List Info

Thread: is crawldb format in Nutch 0.8 compatible with Nutch0.7




is crawldb format in Nutch 0.8 compatible with Nutch0.7
user name
2007-01-23 13:26:35
Hi guys, I am running in some nightmares when trying to iterate over values in the Nutch 0.8.2 crawldb. I am getting some hadoop exception such as the following: 07/01/23 18:33:56 INFO conf.Configuration: parsing jar:file:/C:/nutch-0.8.2-dev/lib/hadoop-0.4.0-patched.jar!/hadoop-default.xm l 07/01/23 18:33:56 INFO conf.Configuration: parsing jar:file:/C:/nutch-0.8.2-dev/nutch-0.8.2-dev.jar!/nutch-default.xml 07/01/23 18:33:56 INFO conf.Configuration: parsing jar:file:/C:/nutch-0.8.2-dev/nutch-0.8.2-dev.jar!/nutch-site.xml Exception in thread "main" java.lang.ArithmeticException: / by zero at org.apache.hadoop.mapred.lib.HashPartitioner.getPartition(HashPartitioner.ja va:33) at org.apache.hadoop.mapred.MapFileOutputFormat.getEntry(MapFileOutputFormat.ja va:88) at org.apache.nutch.crawl.CrawlDbReader.get(CrawlDbReader.java:321) therefore, if I can iterate over the values contained in the crawldb using Nutch 0.7 API, I should think this will fix the issue.

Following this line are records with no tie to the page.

lemma v_flow:
  assumes laxL: "lax_eq (Lop f) Lh (Lop f)" and laxM: "lax_eq (Lop f) Lh (Mop (Lop f) v)"
    and canonical: "\<And>t. fin_times t \<Longrightarrow> pbr (Lop f) (Mop (Lop f) v) t = sone"
    and t: "fin_times t" and i: "i \<ge> 1" and mn: "m + n \<ge> 1"
  shows "((\<lambda>s. v (i + 1) (t((m,n) := s))) has_field_derivative
    sres (lmul (spow (Lop f t) i) (dp (Hop (Lop f) Lh m n t)))) (at (t (m,n)))"
proof -
  let ?L = "Lop f" and ?M = "Mop (Lop f) v" and ?H = "Hop (Lop f) Lh m n"
  let ?T = "\<lambda>s. t((m,n) := s)" and ?E = "\<lambda>a. Abs_fls (reflect a)"
  define l where "l s = L_fls f (?T s)" for s
  define \<mu> where "\<mu> s = ?E (?M (?T s))" for s
  \<comment> \<open>\<open>(1, 0)\<close>: the Poisson bracket differentiates along \<open>z = t\<^sub>1\<^sub>0\<close>\<close>
  define K where "K = (\<Sum>x\<in>{x. t x \<noteq> 0} \<union> {(m,n), (1,0)}. int (fst x))"
  have M_line: "?M (t(y := s)) k = 0" if "y \<in> {(m,n), (1,0)}" "k > K" for y s k
    using that unfolding K_def by (intro Mop_upd_eq_0[OF t, where Y = "{(m,n), (1,0)}"]) auto
  have hl: "has_fls_derivative l (?E (pbr ?H ?L t)) (t (m,n))"
    using lax_eq_has_fls_derivative[OF laxL t mn, of "-1" uminus]
    unfolding l_def L_fls_def reflect_def by (simp add: Lop_def)
  have hm: "has_fls_derivative \<mu> (?E (pbr ?H ?M t)) (t (m,n))"
    using lax_eq_has_fls_derivative[OF laxM t mn, of "- K" uminus] M_line
    unfolding \<mu>_def reflect_def by simp
  have H: "bounded_below (reflect (?H t))" "bounded_below (reflect (pdt (1,0) ?H t))"
    by (auto intro!: bounded_below_reflect[of m] pdt_eq_0 simp: Hop_Lop_eq_0)
  have L: "bounded_below (reflect (?L t))" "bounded_below (reflect (pdt (1,0) ?L t))"
    by (auto intro!: bounded_below_reflect[of 1] pdt_eq_0 simp: Lop_def)
  have M: "bounded_below (reflect (?M t))" "bounded_below (reflect (pdt (1,0) ?M t))"
    using bounded_below_reflect_Mop[OF t] by (auto intro!: bounded_below_reflect[of K] pdt_eq_0 M_line)
  have "fls_deriv (l (t (m,n))) * ?E (pbr ?H ?M t) - fls_deriv (\<mu> (t (m,n))) * ?E (pbr ?H ?L t)
      = fls_deriv (?E (?H t))"
    using reflect_pbr_flow_identity[OF H L M canonical[OF t]] by (simp add: l_def \<mu>_def L_fls_def)
  from residue_power_times_deriv_flow[OF hl hm this, of i]
  have "((\<lambda>s. - (\<mu> s * l s ^ i * fls_deriv (l s)) $$ (-1)) has_field_derivative
      - (L_fls f t ^ i * fls_deriv (?E (?H t))) $$ (-1)) (at (t (m,n)))"
    by (auto intro: DERIV_minus simp: l_def)
  moreover have "sres (lmul (spow (?L t) i) (dp (?H t)))
      = - (L_fls f t ^ i * fls_deriv (?E (?H t))) $$ (-1)"
    using sres_lmul_dp_reflect[of "spow (?L t) i" "?H t"] H(1) by (simp add: reflect_spow_Lop)
  ultimately show ?thesis
    using v_eq_residue[OF fin_times_upd[OF t] i] by (simp add: l_def \<mu>_def)
qed

section \<open>The operators \<open>Lh\<close> and \<open>Mh\<close>\<close>

definition Lh_fls :: "(tm \<Rightarrow> complex) \<Rightarrow> (int \<Rightarrow> tm \<Rightarrow> complex) \<Rightarrow> tm \<Rightarrow> complex fls" where
  "Lh_fls u g t = Abs_fls (Lhop u g t)"

lemma bounded_below_Lhop: "bounded_below (Lhop u g t)"
  unfolding bounded_below_def by (rule exI[of _ "-1"]) (simp add: Lhop_def)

So the question is; is Nutch 0.8 backward compatible with Nutch 0.7.2 Thanks, Armel ------------------------------------------------- Armel T. Nene iDNA Solutions Tel: +44 (207) 257 6124 Mobile: +44 (788) 695 0483 http://blog.idna-solutions.com
Re: is crawldb format in Nutch 0.8 compatible with Nutch0.7
user name
2007-01-23 14:55:21
Armel T. Nene wrote:
> therefore, if I can iterate over the values contained
in the crawldb using
> Nutch 0.7 API, I should think this will fix the issue.
So the question is;
>
>  
>
> is Nutch 0.8 backward compatible with Nutch 0.7.2
>   


This subject was discussed several times in the past. The
answer is 
still no - Nutch 0.8 is NOT compatible with 0.7. It is
possible to write 
converters for some of the data, but it's a lot of tedious
work. The 
recommended upgrade path is to dump your 0.7 WebDB to a text
file, and 
then inject this text file to a 0.8 CrawlDb.

-- 
Best regards,
Andrzej Bialecki     <><
 ___. ___ ___ ___ _ _   __________________________________
[__ || __|__/|__||/|  Information Retrieval, Semantic Web
___|||__||  |  ||  |  Embedded Unix, System Integration
http://www.sigram.com 
Contact: info at sigram dot com



[1-2]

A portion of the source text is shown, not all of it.